EXCERPTED RECORDS »
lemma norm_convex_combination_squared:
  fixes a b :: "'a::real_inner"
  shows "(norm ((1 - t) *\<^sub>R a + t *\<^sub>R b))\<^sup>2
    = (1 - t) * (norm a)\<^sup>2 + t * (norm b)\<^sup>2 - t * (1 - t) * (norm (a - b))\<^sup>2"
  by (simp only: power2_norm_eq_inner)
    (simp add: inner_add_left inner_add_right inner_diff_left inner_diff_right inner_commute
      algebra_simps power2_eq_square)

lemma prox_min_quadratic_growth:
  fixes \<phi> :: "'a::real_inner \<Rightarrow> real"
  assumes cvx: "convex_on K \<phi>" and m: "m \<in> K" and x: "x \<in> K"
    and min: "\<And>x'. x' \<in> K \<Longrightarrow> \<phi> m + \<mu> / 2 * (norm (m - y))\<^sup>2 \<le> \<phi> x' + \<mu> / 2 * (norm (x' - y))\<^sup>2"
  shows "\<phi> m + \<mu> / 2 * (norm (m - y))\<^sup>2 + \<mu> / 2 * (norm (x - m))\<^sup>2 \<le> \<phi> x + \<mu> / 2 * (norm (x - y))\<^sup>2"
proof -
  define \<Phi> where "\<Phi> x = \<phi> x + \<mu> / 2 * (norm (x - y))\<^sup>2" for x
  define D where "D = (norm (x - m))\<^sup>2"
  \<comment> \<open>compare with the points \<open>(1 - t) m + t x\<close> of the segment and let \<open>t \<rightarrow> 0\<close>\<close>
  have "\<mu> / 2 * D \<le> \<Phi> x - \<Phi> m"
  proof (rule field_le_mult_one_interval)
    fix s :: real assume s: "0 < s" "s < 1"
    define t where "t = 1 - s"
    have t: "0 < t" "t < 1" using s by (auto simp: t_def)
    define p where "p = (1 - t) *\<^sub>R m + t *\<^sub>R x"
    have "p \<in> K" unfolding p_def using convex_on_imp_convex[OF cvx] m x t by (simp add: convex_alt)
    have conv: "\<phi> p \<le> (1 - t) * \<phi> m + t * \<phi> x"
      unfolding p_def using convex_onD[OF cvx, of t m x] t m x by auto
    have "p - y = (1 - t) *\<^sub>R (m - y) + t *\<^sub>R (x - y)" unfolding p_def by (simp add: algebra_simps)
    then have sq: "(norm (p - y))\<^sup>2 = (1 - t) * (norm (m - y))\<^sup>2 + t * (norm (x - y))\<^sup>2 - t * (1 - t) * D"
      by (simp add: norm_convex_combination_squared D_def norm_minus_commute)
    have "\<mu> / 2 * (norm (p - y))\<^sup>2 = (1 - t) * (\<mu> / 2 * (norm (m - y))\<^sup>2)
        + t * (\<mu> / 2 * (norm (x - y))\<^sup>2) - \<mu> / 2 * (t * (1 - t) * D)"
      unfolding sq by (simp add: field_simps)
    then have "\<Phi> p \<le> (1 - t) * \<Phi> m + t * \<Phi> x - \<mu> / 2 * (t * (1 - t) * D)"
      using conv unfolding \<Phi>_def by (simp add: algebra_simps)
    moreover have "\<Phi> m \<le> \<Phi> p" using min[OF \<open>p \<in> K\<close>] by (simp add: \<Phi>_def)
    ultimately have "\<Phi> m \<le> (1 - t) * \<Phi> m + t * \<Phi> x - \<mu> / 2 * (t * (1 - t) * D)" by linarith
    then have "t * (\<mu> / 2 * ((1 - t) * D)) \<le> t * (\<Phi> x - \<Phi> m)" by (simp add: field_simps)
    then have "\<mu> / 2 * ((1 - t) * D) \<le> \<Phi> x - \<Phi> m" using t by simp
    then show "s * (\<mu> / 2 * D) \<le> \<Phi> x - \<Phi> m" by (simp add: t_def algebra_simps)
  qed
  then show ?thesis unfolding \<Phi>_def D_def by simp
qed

WHAT THIS TASK INVOLVES » Exactly as they appear, print the lines from the one holding "m \<le> (1 - t)" through the final line of the entries, and no others.

SOLUTION »
    ultimately have "\<Phi> m \<le> (1 - t) * \<Phi> m + t * \<Phi> x - \<mu> / 2 * (t * (1 - t) * D)" by linarith
    then have "t * (\<mu> / 2 * ((1 - t) * D)) \<le> t * (\<Phi> x - \<Phi> m)" by (simp add: field_simps)
    then have "\<mu> / 2 * ((1 - t) * D) \<le> \<Phi> x - \<Phi> m" using t by simp
    then show "s * (\<mu> / 2 * D) \<le> \<Phi> x - \<Phi> m" by (simp add: t_def algebra_simps)
  qed
  then show ?thesis unfolding \<Phi>_def D_def by simp
qed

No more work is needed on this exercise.